Veröffentlicht am

Die „Wunderzüchtung“ Tritordeum

Tritordeum Ähre

Tritordeum ist eine neue synthetische Getreideart, die durch Kreuzung von Hartweizen und Wildgerste entstanden ist. Diese aus Spanien stammende Züchtung erfolgte durch traditionelle Verbesserungstechniken ohne gentechnische Veränderungen und ist die erste neugeschaffene Getreideart die zum Verzehr durch den Menschen geeignet ist.

Durch die Werbung für Tritordeum wird dem Verbraucher suggeriert, dass es sich bei der Züchtung um ein ganz natürliches, durch klassische Methoden erzeugtes Getreide handelt, welches durch sein besser verdauliches Klebereiweiß, seinen hohen Lutein- und Ballaststoffgehalt und den geringen Bestandteil an unverdaulichen Glutenprotein besonders gesund und bekömmlich ist. Bei Tritordeum handelt es sich zudem um ein, besonders gegen Krankheiten resistentes Getreide, welches des Weiteren durch einen geringen Bedarf an Wasser und Düngemittel im Anbau, besonders nachhaltig ist. Derzeit wird Tritordeum, mittels traditionellen und ökologischen  Anbaumethoden in Spanien, Italien und Portugal angebaut.

Doch nun stellt sich die Frage: Wie natürlich ist diese neue Getreideart wirklich? Denn im natürlichen Umfeld würde es niemals zu einer Kreuzung von Wildgerste und Hartweizen kommen.

Um die Artgrenzen zu überwinden und eine Kreuzung von Gerste und Hartweizen vornehmen zu können, muss die zu bestäubende und kastrierte (um Selbstbestäubung zu verhindern) Mutterpflanze in einer Nährlösung mit dem Pflanzenhormon Gibberellinsäure behandelt werden, damit der artfremde Pollen in den Fruchtknoten wachsen kann. Die Kreuzung gelingt auf diesem Wege – allerdings können keine Samen entstehen und das Nährgewebe kann nicht gebildet werden.

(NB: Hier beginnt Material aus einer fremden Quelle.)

lemma kobayashi_chain_lengths_add:
  assumes "a \<in> kobayashi_chain_lengths \<Omega> z u" and "b \<in> kobayashi_chain_lengths \<Omega> u w"
  shows "a + b \<in> kobayashi_chain_lengths \<Omega> z w"
proof -
  obtain m p where a: "a = (\<Sum>i<m. lempert \<Omega> (p i) (p (Suc i)))"
    and p: "p 0 = z" "p m = u" "\<forall>i\<le>m. p i \<in> \<Omega>"
    using assms(1) by (auto simp: kobayashi_chain_lengths_def)
  obtain n q where b: "b = (\<Sum>i<n. lempert \<Omega> (q i) (q (Suc i)))"
    and q: "q 0 = u" "q n = w" "\<forall>i\<le>n. q i \<in> \<Omega>"
    using assms(2) by (auto simp: kobayashi_chain_lengths_def)
  define r where "r = (\<lambda>i. if i \<le> m then p i else q (i - m))"
  have "(\<Sum>i<m. lempert \<Omega> (r i) (r (Suc i))) = a"
    unfolding a by (rule sum.cong) (auto simp: r_def)
  moreover have "(\<Sum>i<n. lempert \<Omega> (r (m + i)) (r (Suc (m + i)))) = b"
    unfolding b by (rule sum.cong) (auto simp: r_def p q Suc_diff_le)
  ultimately have "(\<Sum>i<m + n. lempert \<Omega> (r i) (r (Suc i))) = a + b"
    by (simp only: sum_lessThan_add)
  moreover have "r 0 = z" "r (m + n) = w" "\<forall>i\<le>m + n. r i \<in> \<Omega>"
    using p q by (auto simp: r_def)
  ultimately show ?thesis
    unfolding kobayashi_chain_lengths_def
    by (intro CollectI exI[of _ "m + n"] exI[of _ r]) auto
qed

lemma kobayashi_chain_lengths_add_loops:
  assumes "a \<in> kobayashi_chain_lengths \<Omega> z u" and "l \<in> kobayashi_chain_lengths \<Omega> u u"
  shows "a + real n * l \<in> kobayashi_chain_lengths \<Omega> z u"
proof (induction n)
  case 0
  then show ?case
    using assms(1) by simp
next
  case (Suc n)
  then show ?case
    using kobayashi_chain_lengths_add[OF Suc assms(2)] by (simp add: algebra_simps)
qed

text \<open>If no disc joins \<open>z\<close> and \<open>w\<close>, then \<open>lempert \<Omega> z w = lempert \<Omega> w z = Inf {}\<close>. Were this
  negative, running back and forth between \<open>z\<close> and \<open>w\<close> would make the chains from \<open>p\<close> to \<open>p\<close>
  unbounded below, so \<open>kobayashi \<Omega> p p\<close> would be the same negative junk value.\<close>

lemma lempert_nonneg:
  assumes p: "p \<in> \<Omega>" "0 \<le> kobayashi \<Omega> p p" and z: "z \<in> \<Omega>" and w: "w \<in> \<Omega>"
  shows "0 \<le> lempert \<Omega> z w"
proof (cases "lempert_lengths \<Omega> z w = {}")
  case False
  then show ?thesis
    by (rule lempert_nonneg_if_joined)
next
  case True
  then have junk: "lempert \<Omega> z w = Inf {}"
    by (simp add: lempert_eq_Inf)
  show ?thesis
  proof (rule ccontr)
    assume neg: "\<not> 0 \<le> lempert \<Omega> z w"
    have "lempert \<Omega> z w + lempert \<Omega> w z \<in> kobayashi_chain_lengths \<Omega> z z"
      using z w by (intro kobayashi_chain_lengths_add[where u = w] lempert_in_kobayashi_chain_lengths)
    then have loop: "2 * lempert \<Omega> z w \<in> kobayashi_chain_lengths \<Omega> z z"
      by (simp add: lempert_commute[of \<Omega> w z])
    have "lempert \<Omega> p z + real n * (2 * lempert \<Omega> z w) + lempert \<Omega> z p
        \<in> kobayashi_chain_lengths \<Omega> p p" for n
      using kobayashi_chain_lengths_add_loops[OF lempert_in_kobayashi_chain_lengths[OF p(1) z] loop]
        lempert_in_kobayashi_chain_lengths[OF z p(1)]
      by (rule kobayashi_chain_lengths_add)
    then have "\<not> bdd_below (kobayashi_chain_lengths \<Omega> p p)"
      using neg by (intro not_bdd_below_arithmetic_progression[where
          a = "lempert \<Omega> p z + lempert \<Omega> z p" and d = "2 * lempert \<Omega> z w"])
        (simp_all add: ac_simps)
    then have "kobayashi \<Omega> p p = lempert \<Omega> z w"
      by (simp add: kobayashi_eq_Inf junk Inf_real_not_bdd_below)
    with p neg show False
      by simp
  qed
qed

lemma kobayashi_triangle:
  assumes nonneg: "\<And>z w. z \<in> \<Omega> \<Longrightarrow> w \<in> \<Omega> \<Longrightarrow> 0 \<le> lempert \<Omega> z w"
    and "z \<in> \<Omega>" and "u \<in> \<Omega>" and "w \<in> \<Omega>"
  shows "kobayashi \<Omega> z w \<le> kobayashi \<Omega> z u + kobayashi \<Omega> u w"
proof -
  have "bdd_below (kobayashi_chain_lengths \<Omega> z w)"
    unfolding kobayashi_chain_lengths_def bdd_below_def
    by (auto intro!: exI[of _ 0] sum_nonneg nonneg)
  then show ?thesis
    unfolding kobayashi_eq_Inf using assms
    by (intro cInf_le_add kobayashi_chain_lengths_add) (auto dest: lempert_in_kobayashi_chain_lengths)
qed

lemma geodesic_ray_kobayashi_triangle:
  assumes "geodesic_ray \<Omega> \<gamma>" and "z \<in> \<Omega>" and "u \<in> \<Omega>" and "w \<in> \<Omega>"
  shows "kobayashi \<Omega> z w \<le> kobayashi \<Omega> z u + kobayashi \<Omega> u w"
proof (rule kobayashi_triangle)
  have "\<gamma> 0 \<in> \<Omega>" and "kobayashi \<Omega> (\<gamma> 0) (\<gamma> 0) = 0"
    using assms(1) by (auto simp: geodesic_ray_def)
  then show "0 \<le> lempert \<Omega> a c" if "a \<in> \<Omega>" "c \<in> \<Omega>" for a c
    using that by (intro lempert_nonneg[of "\<gamma> 0"]) auto
qed (use assms in auto)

Dies hat zur Folge, dass der winzige Embryo auf einem sterilen Nährboden (Orchid-Agar) weiter kultiviert werden muss, bis daraus vielleicht eine bewurzelte und blühende Pflanze entsteht.

Solche Kreuzungen aus verschiedenen Arten sind nicht fruchtbar, weshalb bei der Embryokultur das Gift der Herbstzeilosen (Colchicin) hinzugefügt werden muss damit und sich der Chromosomensatz verdoppelt wird und eine Pflanze mit dem vollständigen Chromosomensatz beider Eltern entsteht, die normale Nachkommen erzeugt. Bei diesem Verfahren handelt es sich um klassische Züchtungsmethoden ohne den Einsatz von Gentechnik.

Ein Argument für die Natürlichkeit von Tritordeum soll die Entwicklungshistorie des Weizens, entstanden aus insgesamt drei Wildgräsern, sein. Allerdings entstehen bei den mit Weizen nahverwandten Gräsern häufig spontane (unfruchtbare) Kreuzungen. Bei artfremden Gattungen wie Gerste und Weizen ist dies in der Regel aber nicht möglich. Zudem zeigen sich bei weiteren Einkreuzungen von Weizen, die Unverträglichkeit in der Gerste-Weizen Kombination (Pflanzen sind männlich-steril und bilden keinen Staubbeutel). So kann festgestellt werden, dass die in der Werbung suggerierte natürliche Herkunft von Tritordeum keine sichere Grundlage hat.

An dieser Stelle sollte man sich durchaus fragen, ob ein Getreide, dessen Zellplasma und Zellkern nicht zusammenpassen, wirklich die Lebenskräfte für eine gesunde Ernährung liefern kann. Zudem sind die positiven Inhaltsstoffe, die Tritordeum enthält, auch in anderen Getreidearten zu finden wie z.B. im Einkorn oder im Hartweizen.

Die biologisch-dynamischen Züchtung steht nun auch vor der Frage, ob es zukünftig richtig ist die natürlichen  Artgrenzen zu überwinden, um Spezialisierungen ausgleichen zu können und neue Entwicklungsmöglichkeiten nach dem Vorbild der Weizenevolution zu eröffnen oder müssen die natürlichen Artgrenzen geachtet und andere Wege in der Kulturpflanzenentwicklung gesucht werden?